━━ SOURCE INFORMATION ━━
(* Let $N\ge1$, $H=(H_1,\dots,H_N)\in]0,1[^N$, $a\in\mathbb{R}^N\setminus\{(0,\dots,0)\}$, let $S^H(a)$ be the mixed sub-fractional Brownian motion with parameters $N,a,H$, and for $0\le u<v\le s<t$ let $C_{u,v,s,t}=\mathrm{Cov}\big(S^H_v(a)-S^H_u(a),\,S^H_t(a)-S^H_s(a)\big)$. Then for all $0\le u<v\le s<t$: (1) $C_{u,v,s,t}=0$ if $H_i=1/2$ for every $i\in\{1,\dots,N\}$; (2) $C_{u,v,s,t}>0$ if $H_i>1/2$ for every $i\in\{1,\dots,N\}$; (3) $C_{u,v,s,t}<0$ if $H_i<1/2$ for every $i\in\{1,\dots,N\}$.
   Context: Let $(\Omega,\mathcal F,\mathbb P)$ be a probability space. For $K\in]0,1[$, a fractional Brownian motion on $\mathbb{R}$ with Hurst index $K$ is a continuous centered Gaussian process $\{B^K(t),t\in\mathbb{R}\}$ with $\mathrm{Cov}(B^K(t),B^K(s))=\frac12(|t|^{2K}+|s|^{2K}-|t-s|^{2K})$. The sub-fractional Brownian motion (sfBm) of index $K$ is $\xi^K_t=(B^K_t+B^K_{-t})/\sqrt2$, $t\ge0$; it is a continuous centered Gaussian process with $\mathrm{Cov}(\xi^K_t,\xi^K_s)=s^{2K}+t^{2K}-\frac12\big((s+t)^{2K}+|t-s|^{2K}\big)$. For $N\ge1$, $H\in]0,1[^N$, $a\in\mathbb{R}^N\setminus\{0\}$, the mixed sub-fractional Brownian motion (msfBm) is $S^H_t(a)=\sum_{i=1}^N a_i\xi^{H_i}(t)$, $t\ge0$, where $\xi^{H_1},\dots,\xi^{H_N}$ are independent sfBms with indices $H_1,\dots,H_N$. *)

theory Defs
  imports "HOL-Probability.Probability"
begin

definition cov :: "'a measure \<Rightarrow> ('a \<Rightarrow> real) \<Rightarrow> ('a \<Rightarrow> real) \<Rightarrow> real" where
  "cov M X Y = (\<integral>\<omega>. (X \<omega> - (\<integral>\<eta>. X \<eta> \<partial>M)) * (Y \<omega> - (\<integral>\<eta>. Y \<eta> \<partial>M)) \<partial>M)"

definition gaussian_rv :: "'a measure \<Rightarrow> ('a \<Rightarrow> real) \<Rightarrow> bool" where
  "gaussian_rv M X \<longleftrightarrow>
     (\<exists>\<mu> \<sigma>. \<sigma> > 0 \<and> distributed M lborel X (normal_density \<mu> \<sigma>)) \<or>
     (\<exists>c. AE \<omega> in M. X \<omega> = c)"
lemma mem_convex_hull_image_iff:
  fixes f :: "'i \<Rightarrow> 'a::real_vector"
  assumes "finite I" "inj_on f I"
  shows "x \<in> convex hull (f ` I) \<longleftrightarrow>
    (\<exists>\<mu>. (\<forall>i\<in>I. 0 \<le> \<mu> i) \<and> sum \<mu> I = 1 \<and> (\<Sum>i\<in>I. \<mu> i *\<^sub>R f i) = x)"
proof
  assume "x \<in> convex hull (f ` I)"
  then obtain u where "\<forall>y\<in>f ` I. 0 \<le> u y" "sum u (f ` I) = 1" "(\<Sum>y\<in>f ` I. u y *\<^sub>R y) = x"
    using convex_hull_finite[OF finite_imageI[OF assms(1)]] by blast
  then show "\<exists>\<mu>. (\<forall>i\<in>I. 0 \<le> \<mu> i) \<and> sum \<mu> I = 1 \<and> (\<Sum>i\<in>I. \<mu> i *\<^sub>R f i) = x"
    by (intro exI[of _ "u \<circ> f"]) (auto simp: sum.reindex[OF assms(2)])
next
  assume "\<exists>\<mu>. (\<forall>i\<in>I. 0 \<le> \<mu> i) \<and> sum \<mu> I = 1 \<and> (\<Sum>i\<in>I. \<mu> i *\<^sub>R f i) = x"
  then obtain \<mu> where \<mu>: "\<forall>i\<in>I. 0 \<le> \<mu> i" "sum \<mu> I = 1" "x = (\<Sum>i\<in>I. \<mu> i *\<^sub>R f i)"
    by auto
  show "x \<in> convex hull (f ` I)"
    unfolding \<mu>(3) by (rule convex_sum[OF assms(1) convex_convex_hull]) (use \<mu> in \<open>auto intro: hull_inc\<close>)
qed

lemma exists_not_in_if_card_less:
  assumes "finite F" "card F < card S"
  shows "\<exists>x\<in>S. x \<notin> F"
proof (rule ccontr)
  assume "\<not> (\<exists>x\<in>S. x \<notin> F)"
  then have "card S \<le> card F"
    using assms(1) by (intro card_mono) auto
  with assms(2) show False by simp
qed

lemma card_Suc_subset_obtains_Diff_singleton:
  assumes "finite A" "B \<subseteq> A" "card A = Suc (card B)"
  obtains a where "a \<in> A" "B = A - {a}"
proof -
  obtain a where a: "a \<in> A" "a \<notin> B"
    using exists_not_in_if_card_less[OF finite_subset[OF assms(2,1)], of A] assms(3) by auto
  have "B = A - {a}"
    using assms a by (intro card_subset_eq) auto
  with a(1) show thesis by (rule that)
qed

lemma mult_neg_same_sign:
  fixes c a b :: real
  shows "c * a < 0 \<Longrightarrow> 0 < a * b \<Longrightarrow> c * b < 0"
  by (auto simp: mult_less_0_iff zero_less_mult_iff)

lemma lower_facet_iff_facet_of:
  fixes P :: "('a::euclidean_space \<times> real) set"
  assumes "0 < aff_dim P"
  shows "lower_facet P F \<longleftrightarrow> F facet_of P \<and>
    (\<exists>a c b. c > 0 \<and> (\<forall>x\<in>P. inner (a, c) x \<ge> b) \<and> F = {x\<in>P. inner (a, c) x = b})"
proof -
  have "F \<noteq> {}" if "aff_dim F = aff_dim P - 1"
  proof
    assume "F = {}"
    with that assms show False by simp
  qed
  then show ?thesis unfolding lower_facet_def facet_of_def by blast
qed

lemma triangulationD:
  assumes "triangulation A T"
  shows "\<Union>T = convex hull A"
    and "S \<in> T \<Longrightarrow> S' \<in> T \<Longrightarrow> (S \<inter> S') face_of S"
    and "S \<in> T \<Longrightarrow> \<exists>B. B \<subseteq> A \<and> \<not> affine_dependent B \<and>
           int (card B) = aff_dim (convex hull A) + 1 \<and> S = convex hull B"
  using assms unfolding triangulation_def by blast+

section \<open>Point configurations of corank one\<close>

locale corank_one =
  fixes I :: "'i set" and p :: "'i \<Rightarrow> 'a::euclidean_space" and z :: "'i \<Rightarrow> real"
  assumes finite_I: "finite I"
    and sum_z: "sum z I = 0"
    and dependence: "(\<Sum>i\<in>I. z i *\<^sub>R p i) = 0"
    and dependence_unique:
      "\<And>d. sum d I = 0 \<Longrightarrow> (\<Sum>i\<in>I. d i *\<^sub>R p i) = 0 \<Longrightarrow> \<exists>c. \<forall>i\<in>I. d i = c * z i"
    and two_positive: "2 \<le> card {i\<in>I. 0 < z i}"
    and two_negative: "2 \<le> card {i\<in>I. z i < 0}"
begin

lemma corank_one_scale:
  assumes "c \<noteq> 0"
  shows "corank_one I p (\<lambda>i. c * z i)"
proof
  show "finite I" by (rule finite_I)
  show "(\<Sum>i\<in>I. c * z i) = 0"
    using sum_z by (simp add: flip: sum_distrib_left)
  show "(\<Sum>i\<in>I. (c * z i) *\<^sub>R p i) = 0"
    using dependence by (simp add: flip: scaleR_scaleR scaleR_sum_right)
  show "\<exists>c'. \<forall>i\<in>I. d i = c' * (c * z i)"
    if d: "sum d I = 0" "(\<Sum>i\<in>I. d i *\<^sub>R p i) = 0" for d
  proof -
    obtain c' where "\<forall>i\<in>I. d i = c' * z i" using dependence_unique d by blast
    then show ?thesis using assms by (intro exI[of _ "c' / c"]) simp
  qed
  have "{i\<in>I. 0 < c * z i} = (if 0 < c then {i\<in>I. 0 < z i} else {i\<in>I. z i < 0})"
    "{i\<in>I. c * z i < 0} = (if 0 < c then {i\<in>I. z i < 0} else {i\<in>I. 0 < z i})"
    using assms by (auto simp: zero_less_mult_iff mult_less_0_iff)
  then show "2 \<le> card {i\<in>I. 0 < c * z i}" "2 \<le> card {i\<in>I. c * z i < 0}"
    using two_positive two_negative by simp_all
qed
━━━
- [WORK TO BE COMPLETED] Check every line of the data above for the string "thesis", and copy those that have it.

- [OUTPUT OF THE EXERCISE]
  with a(1) show thesis by (rule that)
  then show ?thesis unfolding lower_facet_def facet_of_def by blast
    then show ?thesis using assms by (intro exI[of _ "c' / c"]) simp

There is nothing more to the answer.